### [THE PROBLEM]
Show every line of the records below that contains the word "carrier".

### [RECORDS SHOWN]
--- START ---

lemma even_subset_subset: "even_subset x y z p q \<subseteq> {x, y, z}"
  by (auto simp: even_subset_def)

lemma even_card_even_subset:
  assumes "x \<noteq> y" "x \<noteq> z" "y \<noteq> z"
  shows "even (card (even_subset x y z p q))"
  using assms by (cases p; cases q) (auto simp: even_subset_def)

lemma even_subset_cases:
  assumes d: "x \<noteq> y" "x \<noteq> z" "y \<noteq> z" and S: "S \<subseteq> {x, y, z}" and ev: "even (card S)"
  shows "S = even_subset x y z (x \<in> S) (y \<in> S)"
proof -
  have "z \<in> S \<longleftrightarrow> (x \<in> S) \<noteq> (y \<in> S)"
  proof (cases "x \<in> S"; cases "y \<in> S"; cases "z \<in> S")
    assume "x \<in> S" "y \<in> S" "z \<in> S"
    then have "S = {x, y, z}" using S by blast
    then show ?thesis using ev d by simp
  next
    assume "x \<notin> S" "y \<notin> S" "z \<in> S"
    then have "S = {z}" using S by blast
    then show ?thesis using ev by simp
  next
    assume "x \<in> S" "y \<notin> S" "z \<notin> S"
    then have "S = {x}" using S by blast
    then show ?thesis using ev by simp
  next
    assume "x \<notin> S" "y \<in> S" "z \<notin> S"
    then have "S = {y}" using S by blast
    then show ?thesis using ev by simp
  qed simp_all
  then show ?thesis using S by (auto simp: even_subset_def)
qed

--- END ---
--- START ---

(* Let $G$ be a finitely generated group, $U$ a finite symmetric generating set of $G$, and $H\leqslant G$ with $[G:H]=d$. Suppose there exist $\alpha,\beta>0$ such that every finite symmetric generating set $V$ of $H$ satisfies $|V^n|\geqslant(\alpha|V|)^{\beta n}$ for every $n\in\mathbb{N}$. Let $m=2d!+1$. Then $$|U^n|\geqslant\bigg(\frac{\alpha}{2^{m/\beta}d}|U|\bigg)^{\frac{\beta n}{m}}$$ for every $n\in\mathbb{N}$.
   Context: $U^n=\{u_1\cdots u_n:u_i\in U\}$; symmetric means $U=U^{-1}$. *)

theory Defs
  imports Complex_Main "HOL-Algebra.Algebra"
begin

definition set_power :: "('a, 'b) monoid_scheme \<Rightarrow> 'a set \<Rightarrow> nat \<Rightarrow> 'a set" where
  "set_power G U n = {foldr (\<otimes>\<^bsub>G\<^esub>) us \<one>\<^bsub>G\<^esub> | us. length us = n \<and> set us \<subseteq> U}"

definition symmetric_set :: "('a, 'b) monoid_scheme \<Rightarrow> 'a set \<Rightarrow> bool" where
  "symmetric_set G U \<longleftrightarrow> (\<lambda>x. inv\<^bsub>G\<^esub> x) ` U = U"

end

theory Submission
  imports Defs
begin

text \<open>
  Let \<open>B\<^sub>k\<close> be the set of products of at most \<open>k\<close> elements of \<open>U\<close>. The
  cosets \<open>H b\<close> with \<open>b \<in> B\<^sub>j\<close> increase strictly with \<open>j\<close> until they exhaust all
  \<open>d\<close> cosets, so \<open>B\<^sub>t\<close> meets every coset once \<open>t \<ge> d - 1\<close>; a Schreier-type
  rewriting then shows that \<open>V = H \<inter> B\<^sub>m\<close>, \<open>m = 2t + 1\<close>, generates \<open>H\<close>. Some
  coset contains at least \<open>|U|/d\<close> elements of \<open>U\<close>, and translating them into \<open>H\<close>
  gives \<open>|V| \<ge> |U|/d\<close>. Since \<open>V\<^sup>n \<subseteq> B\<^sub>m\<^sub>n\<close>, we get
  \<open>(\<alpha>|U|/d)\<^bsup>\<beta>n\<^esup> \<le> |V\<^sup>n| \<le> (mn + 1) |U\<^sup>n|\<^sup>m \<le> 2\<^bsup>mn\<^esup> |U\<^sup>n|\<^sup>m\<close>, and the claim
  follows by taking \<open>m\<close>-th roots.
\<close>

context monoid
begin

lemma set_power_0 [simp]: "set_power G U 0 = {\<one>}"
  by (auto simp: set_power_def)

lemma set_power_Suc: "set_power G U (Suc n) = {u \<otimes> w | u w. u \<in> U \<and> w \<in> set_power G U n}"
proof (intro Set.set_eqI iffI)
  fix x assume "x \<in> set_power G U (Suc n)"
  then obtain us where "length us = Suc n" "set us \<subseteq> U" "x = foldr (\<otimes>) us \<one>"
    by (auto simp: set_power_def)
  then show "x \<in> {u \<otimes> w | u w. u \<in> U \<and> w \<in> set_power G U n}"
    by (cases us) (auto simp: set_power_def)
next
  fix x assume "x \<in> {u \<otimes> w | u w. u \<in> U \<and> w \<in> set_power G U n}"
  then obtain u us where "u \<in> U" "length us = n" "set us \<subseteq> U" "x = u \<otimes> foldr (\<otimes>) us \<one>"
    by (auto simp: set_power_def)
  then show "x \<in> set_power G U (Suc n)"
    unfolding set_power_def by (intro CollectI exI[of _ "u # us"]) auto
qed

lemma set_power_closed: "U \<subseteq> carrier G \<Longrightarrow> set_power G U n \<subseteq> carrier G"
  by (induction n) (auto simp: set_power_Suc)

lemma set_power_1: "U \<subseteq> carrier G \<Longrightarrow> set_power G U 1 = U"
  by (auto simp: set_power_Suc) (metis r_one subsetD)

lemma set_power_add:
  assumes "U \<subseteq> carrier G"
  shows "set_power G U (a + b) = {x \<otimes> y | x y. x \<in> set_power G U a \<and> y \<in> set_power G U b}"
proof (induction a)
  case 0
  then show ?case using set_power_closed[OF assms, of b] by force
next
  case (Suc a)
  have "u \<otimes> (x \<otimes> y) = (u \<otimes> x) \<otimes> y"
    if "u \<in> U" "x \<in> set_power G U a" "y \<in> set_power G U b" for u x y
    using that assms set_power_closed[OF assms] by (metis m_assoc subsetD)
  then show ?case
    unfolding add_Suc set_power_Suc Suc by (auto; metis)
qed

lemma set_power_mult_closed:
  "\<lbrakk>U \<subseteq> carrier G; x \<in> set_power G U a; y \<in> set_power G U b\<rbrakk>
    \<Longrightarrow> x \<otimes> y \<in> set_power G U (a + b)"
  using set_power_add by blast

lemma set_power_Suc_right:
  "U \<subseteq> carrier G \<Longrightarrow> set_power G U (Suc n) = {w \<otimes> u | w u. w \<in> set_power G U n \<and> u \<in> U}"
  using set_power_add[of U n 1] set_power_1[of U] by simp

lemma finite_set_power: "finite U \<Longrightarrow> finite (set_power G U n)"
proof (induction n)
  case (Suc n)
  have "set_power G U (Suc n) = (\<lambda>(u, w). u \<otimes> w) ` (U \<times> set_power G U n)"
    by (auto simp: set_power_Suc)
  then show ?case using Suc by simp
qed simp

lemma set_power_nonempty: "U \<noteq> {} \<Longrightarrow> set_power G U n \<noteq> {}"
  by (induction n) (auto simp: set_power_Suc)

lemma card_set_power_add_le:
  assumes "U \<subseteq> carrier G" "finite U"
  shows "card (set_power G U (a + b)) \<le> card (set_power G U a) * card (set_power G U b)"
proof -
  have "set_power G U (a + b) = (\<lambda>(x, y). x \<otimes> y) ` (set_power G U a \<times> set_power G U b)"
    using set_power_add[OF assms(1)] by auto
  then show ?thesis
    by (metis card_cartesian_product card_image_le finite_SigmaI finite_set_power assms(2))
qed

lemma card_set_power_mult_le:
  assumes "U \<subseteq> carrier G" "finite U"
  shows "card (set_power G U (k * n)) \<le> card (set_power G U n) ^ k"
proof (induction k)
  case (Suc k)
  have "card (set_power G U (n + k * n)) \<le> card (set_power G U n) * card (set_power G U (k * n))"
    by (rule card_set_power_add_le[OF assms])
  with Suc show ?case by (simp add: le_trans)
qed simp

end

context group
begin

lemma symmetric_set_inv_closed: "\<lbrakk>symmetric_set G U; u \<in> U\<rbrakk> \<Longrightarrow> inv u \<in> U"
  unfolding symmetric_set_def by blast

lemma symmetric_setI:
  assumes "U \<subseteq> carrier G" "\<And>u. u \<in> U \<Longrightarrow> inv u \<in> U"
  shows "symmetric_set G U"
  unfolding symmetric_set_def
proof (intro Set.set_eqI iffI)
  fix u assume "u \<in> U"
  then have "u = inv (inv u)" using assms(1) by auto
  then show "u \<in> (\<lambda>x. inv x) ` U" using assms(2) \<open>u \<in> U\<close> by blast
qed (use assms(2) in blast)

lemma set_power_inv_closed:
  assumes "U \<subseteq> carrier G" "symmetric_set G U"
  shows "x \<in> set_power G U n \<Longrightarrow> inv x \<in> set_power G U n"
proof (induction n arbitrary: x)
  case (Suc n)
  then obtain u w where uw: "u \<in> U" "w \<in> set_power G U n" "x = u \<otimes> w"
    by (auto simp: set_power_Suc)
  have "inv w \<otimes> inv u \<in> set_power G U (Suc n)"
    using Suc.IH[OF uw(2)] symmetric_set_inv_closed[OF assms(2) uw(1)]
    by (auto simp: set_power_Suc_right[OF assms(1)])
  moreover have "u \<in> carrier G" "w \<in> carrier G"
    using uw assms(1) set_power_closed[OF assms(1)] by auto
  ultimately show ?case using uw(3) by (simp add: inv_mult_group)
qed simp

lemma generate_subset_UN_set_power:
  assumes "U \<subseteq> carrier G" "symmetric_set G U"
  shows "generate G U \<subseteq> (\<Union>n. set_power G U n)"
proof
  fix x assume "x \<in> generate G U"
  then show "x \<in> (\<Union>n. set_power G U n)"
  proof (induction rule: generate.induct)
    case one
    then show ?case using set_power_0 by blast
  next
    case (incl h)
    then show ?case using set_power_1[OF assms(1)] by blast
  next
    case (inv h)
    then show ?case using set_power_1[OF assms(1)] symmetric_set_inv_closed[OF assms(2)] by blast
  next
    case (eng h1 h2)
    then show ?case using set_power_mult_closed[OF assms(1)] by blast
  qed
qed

--- END ---

### [PROBLEM SOLUTION]
lemma set_power_closed: "U \<subseteq> carrier G \<Longrightarrow> set_power G U n \<subseteq> carrier G"
lemma set_power_1: "U \<subseteq> carrier G \<Longrightarrow> set_power G U 1 = U"
  assumes "U \<subseteq> carrier G"
  "\<lbrakk>U \<subseteq> carrier G; x \<in> set_power G U a; y \<in> set_power G U b\<rbrakk>
  "U \<subseteq> carrier G \<Longrightarrow> set_power G U (Suc n) = {w \<otimes> u | w u. w \<in> set_power G U n \<and> u \<in> U}"
  assumes "U \<subseteq> carrier G" "finite U"
  assumes "U \<subseteq> carrier G" "finite U"
  assumes "U \<subseteq> carrier G" "\<And>u. u \<in> U \<Longrightarrow> inv u \<in> U"
  assumes "U \<subseteq> carrier G" "symmetric_set G U"
  moreover have "u \<in> carrier G" "w \<in> carrier G"
  assumes "U \<subseteq> carrier G" "symmetric_set G U"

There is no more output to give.